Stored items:
____

(* Suppose that for each $k=1,\dots,K$ the Markov kernel $p_k$ on $\Theta$ is $\mu_k$-reversible. For $\sigma\in S_K$ define the swapped kernel $\mathbf p_\sigma(\boldsymbol\theta,\cdot)=p_{\sigma(1)}(\theta_1,\cdot)\times\dots\times p_{\sigma(K)}(\theta_K,\cdot)$, the swapped density $\boldsymbol\pi_\sigma(\boldsymbol\theta)=\prod_{k=1}^K\pi_{\sigma(k)}(\theta_k)$, and the weights $w_\sigma(\boldsymbol\theta)=\boldsymbol\pi_\sigma(\boldsymbol\theta)/\sum_{\sigma'\in S_K}\boldsymbol\pi_{\sigma'}(\boldsymbol\theta)$. Let the Weighted Generalized Parallel Tempering kernel be $\mathbf p^{(\mathrm W)}(\boldsymbol\theta,\cdot)=\sum_{\sigma\in S_K}w_\sigma(\boldsymbol\theta)\mathbf p_\sigma(\boldsymbol\theta,\cdot)$, and let $\boldsymbol\mu_{\mathrm W}=\frac{1}{|S_K|}\sum_{\sigma\in S_K}\boldsymbol\mu_\sigma$, where $\boldsymbol\mu_\sigma=\mu_{\sigma(1)}\times\dots\times\mu_{\sigma(K)}$; equivalently $\boldsymbol\mu_{\mathrm W}$ has $\boldsymbol\mu_{\mathrm{pr}}$-density $\boldsymbol\pi_{\mathrm W}=\frac{1}{|S_K|}\sum_{\sigma\in S_K}\boldsymbol\pi_\sigma$. Then the Markov chain generated by $\mathbf p^{(\mathrm W)}$ is $\boldsymbol\mu_{\mathrm W}$-reversible.
   Context: Let $\Theta$ be a separable Banach space with Borel $\sigma$-algebra, $\mu_{\mathrm{pr}}$ a probability measure on $\Theta$, and $\Phi:\Theta\to\mathbb R$ a measurable potential. Fix $K\ge1$ and temperatures $1=T_1<\dots<T_K\le\infty$; $\mu_k$ is the probability measure with $\mu_{\mathrm{pr}}$-density $\pi_k(\theta)=e^{-\Phi(\theta)/T_k}/Z_k$, $Z_k=\int_\Theta e^{-\Phi/T_k}d\mu_{\mathrm{pr}}$ ($\mu_K=\mu_{\mathrm{pr}}$ if $T_K=\infty$). $\Theta^K$ carries the product $\sigma$-algebra, $\boldsymbol\mu_{\mathrm{pr}}=\mu_{\mathrm{pr}}^{\times K}$, and $S_K$ is a set of permutations of $\{1,\dots,K\}$ closed under inversion. A kernel $p$ is $\nu$-reversible if $\int_B p(\theta,A)\nu(d\theta)=\int_A p(\theta,B)\nu(d\theta)$ for all measurable $A,B$. *)

theory Defs
  imports "HOL-Probability.Probability" "HOL-Combinatorics.Permutations"
begin

text \<open>The state space \<Theta> is a separable Banach space, i.e. a type of class
  banach + second_countable_topology, equipped with its Borel sigma-algebra.
  Indices run over {1..K}; a point of \<Theta>^K is a function nat => 'a,
  and \<Theta>^K carries the product sigma-algebra PiM {1..K} (\<lambda>_. borel).\<close>

definition markov_kernel :: "'b measure \<Rightarrow> ('b \<Rightarrow> 'b measure) \<Rightarrow> bool" where
  "markov_kernel M p \<longleftrightarrow> p \<in> M \<rightarrow>\<^sub>M prob_algebra M"

definition reversible :: "'b measure \<Rightarrow> ('b \<Rightarrow> 'b measure) \<Rightarrow> bool" where
  "reversible \<nu> p \<longleftrightarrow>
     (\<forall>A\<in>sets \<nu>. \<forall>B\<in>sets \<nu>.
        (\<integral>\<^sup>+\<theta>\<in>B. emeasure (p \<theta>) A \<partial>\<nu>) = (\<integral>\<^sup>+\<theta>\<in>A. emeasure (p \<theta>) B \<partial>\<nu>))"

definition inv_temp :: "ereal \<Rightarrow> real" where
  "inv_temp T = (if T = \<infinity> then 0 else 1 / real_of_ereal T)"

definition Zc :: "'a measure \<Rightarrow> ('a \<Rightarrow> real) \<Rightarrow> ereal \<Rightarrow> real" where
  "Zc \<mu>pr \<Phi> T = (\<integral>\<theta>. exp (- \<Phi> \<theta> * inv_temp T) \<partial>\<mu>pr)"

definition tdens :: "'a measure \<Rightarrow> ('a \<Rightarrow> real) \<Rightarrow> ereal \<Rightarrow> 'a \<Rightarrow> real" where
  "tdens \<mu>pr \<Phi> T \<theta> = exp (- \<Phi> \<theta> * inv_temp T) / Zc \<mu>pr \<Phi> T"

definition tmeasure :: "'a measure \<Rightarrow> ('a \<Rightarrow> real) \<Rightarrow> ereal \<Rightarrow> 'a measure" where
  "tmeasure \<mu>pr \<Phi> T = density \<mu>pr (\<lambda>\<theta>. ennreal (tdens \<mu>pr \<Phi> T \<theta>))"

definition swap_dens ::
  "nat \<Rightarrow> (nat \<Rightarrow> 'a \<Rightarrow> real) \<Rightarrow> (nat \<Rightarrow> nat) \<Rightarrow> (nat \<Rightarrow> 'a) \<Rightarrow> real" where
  "swap_dens K \<pi> \<sigma> \<theta> = (\<Prod>k\<in>{1..K}. \<pi> (\<sigma> k) (\<theta> k))"

definition swap_weight ::
  "nat \<Rightarrow> (nat \<Rightarrow> nat) set \<Rightarrow> (nat \<Rightarrow> 'a \<Rightarrow> real) \<Rightarrow> (nat \<Rightarrow> nat) \<Rightarrow> (nat \<Rightarrow> 'a) \<Rightarrow> real" where
  "swap_weight K S \<pi> \<sigma> \<theta> = swap_dens K \<pi> \<sigma> \<theta> / (\<Sum>\<sigma>'\<in>S. swap_dens K \<pi> \<sigma>' \<theta>)"

definition swap_kernel ::
  "nat \<Rightarrow> (nat \<Rightarrow> 'a \<Rightarrow> 'a measure) \<Rightarrow> (nat \<Rightarrow> nat) \<Rightarrow> (nat \<Rightarrow> 'a) \<Rightarrow> (nat \<Rightarrow> 'a) measure" where
  "swap_kernel K p \<sigma> \<theta> = PiM {1..K} (\<lambda>k. p (\<sigma> k) (\<theta> k))"

definition wgpt_kernel ::
  "nat \<Rightarrow> (nat \<Rightarrow> nat) set \<Rightarrow> (nat \<Rightarrow> 'a::topological_space \<Rightarrow> real) \<Rightarrow> (nat \<Rightarrow> 'a \<Rightarrow> 'a measure)
     \<Rightarrow> (nat \<Rightarrow> 'a) \<Rightarrow> (nat \<Rightarrow> 'a) measure" where
  "wgpt_kernel K S \<pi> p \<theta> =
     measure_of (space (PiM {1..K} (\<lambda>_. (borel :: 'a measure)))) (sets (PiM {1..K} (\<lambda>_. (borel :: 'a measure))))
       (\<lambda>A. \<Sum>\<sigma>\<in>S. ennreal (swap_weight K S \<pi> \<sigma> \<theta>) * emeasure (swap_kernel K p \<sigma> \<theta>) A)"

____

What is needed >>
Nothing beyond the lines from the start of the entries through the line with "Indices run over" should appear. Repeat those lines exactly, both ends included.

Your response >>
(* Suppose that for each $k=1,\dots,K$ the Markov kernel $p_k$ on $\Theta$ is $\mu_k$-reversible. For $\sigma\in S_K$ define the swapped kernel $\mathbf p_\sigma(\boldsymbol\theta,\cdot)=p_{\sigma(1)}(\theta_1,\cdot)\times\dots\times p_{\sigma(K)}(\theta_K,\cdot)$, the swapped density $\boldsymbol\pi_\sigma(\boldsymbol\theta)=\prod_{k=1}^K\pi_{\sigma(k)}(\theta_k)$, and the weights $w_\sigma(\boldsymbol\theta)=\boldsymbol\pi_\sigma(\boldsymbol\theta)/\sum_{\sigma'\in S_K}\boldsymbol\pi_{\sigma'}(\boldsymbol\theta)$. Let the Weighted Generalized Parallel Tempering kernel be $\mathbf p^{(\mathrm W)}(\boldsymbol\theta,\cdot)=\sum_{\sigma\in S_K}w_\sigma(\boldsymbol\theta)\mathbf p_\sigma(\boldsymbol\theta,\cdot)$, and let $\boldsymbol\mu_{\mathrm W}=\frac{1}{|S_K|}\sum_{\sigma\in S_K}\boldsymbol\mu_\sigma$, where $\boldsymbol\mu_\sigma=\mu_{\sigma(1)}\times\dots\times\mu_{\sigma(K)}$; equivalently $\boldsymbol\mu_{\mathrm W}$ has $\boldsymbol\mu_{\mathrm{pr}}$-density $\boldsymbol\pi_{\mathrm W}=\frac{1}{|S_K|}\sum_{\sigma\in S_K}\boldsymbol\pi_\sigma$. Then the Markov chain generated by $\mathbf p^{(\mathrm W)}$ is $\boldsymbol\mu_{\mathrm W}$-reversible.
   Context: Let $\Theta$ be a separable Banach space with Borel $\sigma$-algebra, $\mu_{\mathrm{pr}}$ a probability measure on $\Theta$, and $\Phi:\Theta\to\mathbb R$ a measurable potential. Fix $K\ge1$ and temperatures $1=T_1<\dots<T_K\le\infty$; $\mu_k$ is the probability measure with $\mu_{\mathrm{pr}}$-density $\pi_k(\theta)=e^{-\Phi(\theta)/T_k}/Z_k$, $Z_k=\int_\Theta e^{-\Phi/T_k}d\mu_{\mathrm{pr}}$ ($\mu_K=\mu_{\mathrm{pr}}$ if $T_K=\infty$). $\Theta^K$ carries the product $\sigma$-algebra, $\boldsymbol\mu_{\mathrm{pr}}=\mu_{\mathrm{pr}}^{\times K}$, and $S_K$ is a set of permutations of $\{1,\dots,K\}$ closed under inversion. A kernel $p$ is $\nu$-reversible if $\int_B p(\theta,A)\nu(d\theta)=\int_A p(\theta,B)\nu(d\theta)$ for all measurable $A,B$. *)

theory Defs
  imports "HOL-Probability.Probability" "HOL-Combinatorics.Permutations"
begin

text \<open>The state space \<Theta> is a separable Banach space, i.e. a type of class
  banach + second_countable_topology, equipped with its Borel sigma-algebra.
  Indices run over {1..K}; a point of \<Theta>^K is a function nat => 'a,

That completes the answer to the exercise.